System Metrics

By default, collection of system metrics is disabled. When it is enabled, Fusion continuously indexes system and Solr metrics to the system collection system_metrics. Collection of system metrics is enabled using the Configurations API, like this:

curl -u user:pass -H 'Content-type:application/json' -X PUT -d 'true' "http://localhost:8764/api/apollo/configurations/com.lucidworks.apollo.metrics.enabled"

There are around 600 different metrics available. In this topic we’ve highlighted a few that are likely to be the most useful or interesting to you.

The /system/metrics endpoint of the System API lists all the metrics that the system is currently collecting. Metrics are returned for the current instance only; Fusion instances do not aggregate metrics between nodes.

Types of Metrics Collected

There are several types of metrics:

  • Gauges: These are single values, valid for the point in time at which the metrics are collected.

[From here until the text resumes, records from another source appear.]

theorem mainTheorem7:
  fixes nL nR :: "nat \<Rightarrow> nat" and wL wR :: "nat \<Rightarrow> nat \<Rightarrow> real"
    and \<delta> :: real and u u1 u2 :: "nat \<Rightarrow> nat"
  assumes delta: "\<delta> > 1/10"
    and nL_lim: "filterlim nL at_top sequentially"
    and nR_lim: "filterlim nR at_top sequentially"
    and posL: "\<forall>k i. i < nL k \<longrightarrow> wL k i > 0"
    and posR: "\<forall>k j. j < nR k \<longrightarrow> wR k j > 0"
    and A1: "\<forall>k i j. i < nL k \<longrightarrow> j < nR k \<longrightarrow>
               wL k i * wR k j / (real (nR k) * moment (nR k) (wR k) 1) \<le> 1"
    and A2_max: "(\<lambda>k. Max (wL k ` {..<nL k} \<union> wR k ` {..<nR k}))
                   \<in> O(\<lambda>k. real (nR k) powr (1/2 - \<delta>))"
    and A2_min: "(\<lambda>k. Min (wL k ` {..<nL k})) \<in> \<Omega>(\<lambda>k. 1)"
    and A2_M2: "(\<lambda>k. moment (nR k) (wR k) 2) \<in> O(\<lambda>k. (moment (nR k) (wR k) 1)^2)"
    and A2_M4: "(\<lambda>k. moment (nR k) (wR k) 4) \<in> O(\<lambda>k. real (nR k) powr (1 - 2*\<delta>))"
    and nodes: "eventually (\<lambda>k. u k < nL k \<and> u1 k < nL k \<and> u2 k < nL k \<and>
                  u k \<noteq> u1 k \<and> u k \<noteq> u2 k \<and> u1 k \<noteq> u2 k) sequentially"
  shows "(\<lambda>k. measure_pmf.prob (bip_graph (nL k) (nR k) (wL k) (wR k))
              {Eb. proj_edge (nR k) Eb (u k) (u1 k) \<and> proj_edge (nR k) Eb (u k) (u2 k)})
         \<sim>[sequentially]
         (\<lambda>k. (1 + moment (nR k) (wR k) 1 * moment (nR k) (wR k) 3 / (moment (nR k) (wR k) 2)^2
                   * (1 / wL k (u k)))
              * p_proj (nR k) (wR k) (wL k (u k)) (wL k (u1 k))
              * p_proj (nR k) (wR k) (wL k (u k)) (wL k (u2 k)))"
proof -
  define P where "P k = measure_pmf.prob (bip_graph (nL k) (nR k) (wL k) (wR k))
    {Eb. proj_edge (nR k) Eb (u k) (u1 k) \<and> proj_edge (nR k) Eb (u k) (u2 k)}" for k
  define tgt where "tgt k = (1 + moment (nR k) (wR k) 1 * moment (nR k) (wR k) 3
      / (moment (nR k) (wR k) 2)\<^sup>2 * (1 / wL k (u k)))
    * p_proj (nR k) (wR k) (wL k (u k)) (wL k (u1 k)) * p_proj (nR k) (wR k) (wL k (u k)) (wL k (u2 k))"
    for k
  define W where "W k = Max (wL k ` {..<nL k} \<union> wR k ` {..<nR k})" for k
  define e where "e k = (W k)\<^sup>2 * moment (nR k) (wR k) 2 / ((moment (nR k) (wR k) 1)\<^sup>2 * real (nR k))"
    for k
  have "eventually (\<lambda>k. 1 \<le> nR k) sequentially"
    using nR_lim unfolding filterlim_at_top by blast
  then have nR_pos: "eventually (\<lambda>k. 0 < nR k) sequentially"
    by (rule eventually_mono) simp
  then have "eventually (\<lambda>k. 0 < moment (nR k) (wR k) 1) sequentially"
    by (rule eventually_mono) (rule moment_pos, use posR in auto)
  then have "eventually (\<lambda>k. moment (nR k) (wR k) 1 \<noteq> 0) sequentially"
    by (rule eventually_mono) simp
  then have "(e \<longlongrightarrow> 0) sequentially"
    unfolding e_def W_def using delta nR_lim A2_max A2_M2 by (intro relative_error_tendsto_0) auto
  then have "((\<lambda>k. sqrt (e k) + 4 * e k) \<longlongrightarrow> 0) sequentially"
    by (auto intro!: tendsto_eq_intros)
  moreover have "eventually (\<lambda>k. 0 < tgt k \<and> P k \<le> tgt k \<and> tgt k * (1 - (sqrt (e k) + 4 * e k)) \<le> P k)
    sequentially"
    using nodes nR_pos
  proof eventually_elim
    case (elim k)
    then have nodes_k: "u k < nL k" "u1 k < nL k" "u2 k < nL k" "u k \<noteq> u1 k" "u k \<noteq> u2 k" "u1 k \<noteq> u2 k"
      by simp_all
    then have L: "i < nL k" if "i \<in> {u k, u1 k, u2 k}" for i
      using that by auto
    have posL_k: "0 < wL k i" if "i \<in> {u k, u1 k, u2 k}" for i
      using L[OF that] posL by blast
    have W_k: "wL k i \<le> W k" if "i \<in> {u k, u1 k, u2 k}" for i
      unfolding W_def using L[OF that] by (intro Max_ge) auto
    have A1_k: "wL k i * wR k z / (nR k * moment (nR k) (wR k) 1) \<le> 1"
      if "i \<in> {u k, u1 k, u2 k}" "z < nR k" for i z
      using L[OF that(1)] that(2) A1 by blast
    have posR_k: "0 < wR k z" if "z < nR k" for z
      using that posR by blast
    note bounds = prob_both_proj_edges_bounds[OF \<open>0 < nR k\<close> nodes_k posL_k posR_k A1_k W_k]
    show ?case
      unfolding P_def tgt_def e_def by (intro conjI bounds)
  qed
  ultimately have "P \<sim>[sequentially] tgt"
    by (intro asymp_equiv_relative_error)
  then show ?thesis
    unfolding P_def tgt_def .
qed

  • Counters: These are values that are incremented or decremented over time.

  • Meters: These measure the rate of events over time. They include a mean rate, as well as a 1-, 5- and 15-minute moving average. Most of these moving averages are exponentially weighted, so that more recent values contribute more heavily than older values; exceptions to this rule have the word "unweighted" in their name.

  • Histograms: These measure the distribution of values. They will report the minimum, maximum, mean, and the values at the 50th, 75th, 95th, 98th, 99th, and 99.9th percentiles.

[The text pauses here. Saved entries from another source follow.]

(* Let $G$ be a finite $2$-group having a normal subgroup $N$ with $N\cong C_2\times C_2$. Then $G$ is not a $2$-closed group.
   Context: Permutations act on the right. For $X\leq{\rm Sym}(\Omega)$, the $2$-closure of $X$ on $\Omega$ is $X^{(2),\Omega}=\{\theta\in{\rm Sym}(\Omega)\mid \forall \alpha,\beta\in\Omega\ \exists g\in X:\ \alpha^\theta=\alpha^g,\ \beta^\theta=\beta^g\}$. An abstract group $G$ is called a $2$-closed group if $H=H^{(2),\Omega}$ for every set $\Omega$ and every subgroup $H\leq{\rm Sym}(\Omega)$ with $H\cong G$. $C_2$ is the cyclic group of order $2$. *)

theory Defs
  imports "HOL-Algebra.Algebra"
begin

text \<open>Sym(Omega) is BijGroup Omega (bijections of Omega, extensional outside Omega).
  The 2-closure of a set S of permutations of Omega.\<close>
definition two_closure :: "'b set \<Rightarrow> ('b \<Rightarrow> 'b) set \<Rightarrow> ('b \<Rightarrow> 'b) set" where
  "two_closure Om S =
     {th \<in> Bij Om. \<forall>a\<in>Om. \<forall>b\<in>Om. \<exists>g\<in>S. th a = g a \<and> th b = g b}"

text \<open>G is 2-closed with respect to all permutation domains Omega drawn from the type 'b:
  every subgroup of Sym(Omega) isomorphic to G equals its 2-closure.\<close>
definition two_closed_group :: "('a, 'c) monoid_scheme \<Rightarrow> 'b itself \<Rightarrow> bool" where
  "two_closed_group G (_ :: 'b itself) \<longleftrightarrow>
     (\<forall>(Om :: 'b set) H. subgroup H (BijGroup Om) \<and> ((BijGroup Om)\<lparr>carrier := H\<rparr>) \<cong> G
        \<longrightarrow> two_closure Om H = H)"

  • Timers: A timer is a meter combined with a histogram; it measures the length of time that a particular operation takes (both mean duration and moving averages) as well as the distribution of those durations.

Many of the metrics are for internal use by the system. However, Fusion may ask for a dump of the metrics data (using the System API endpoint) to help diagnose performance issues. Some metrics are also subject to change pending performance tuning and additional testing.

Metrics of Particular Interest

Slow Web Service Calls

For each web service endpoint in the system, the system keeps a list of the last several requests whose request time has been in the 99th percentile – that is, examples of the top 1% of slow requests for that endpoint. These are recorded as com.lucidworks.apollo.resources.serviceName.methodName.weighted.slow.examples, where serviceName is the name of the service and methodName is the name of a valid method for that service.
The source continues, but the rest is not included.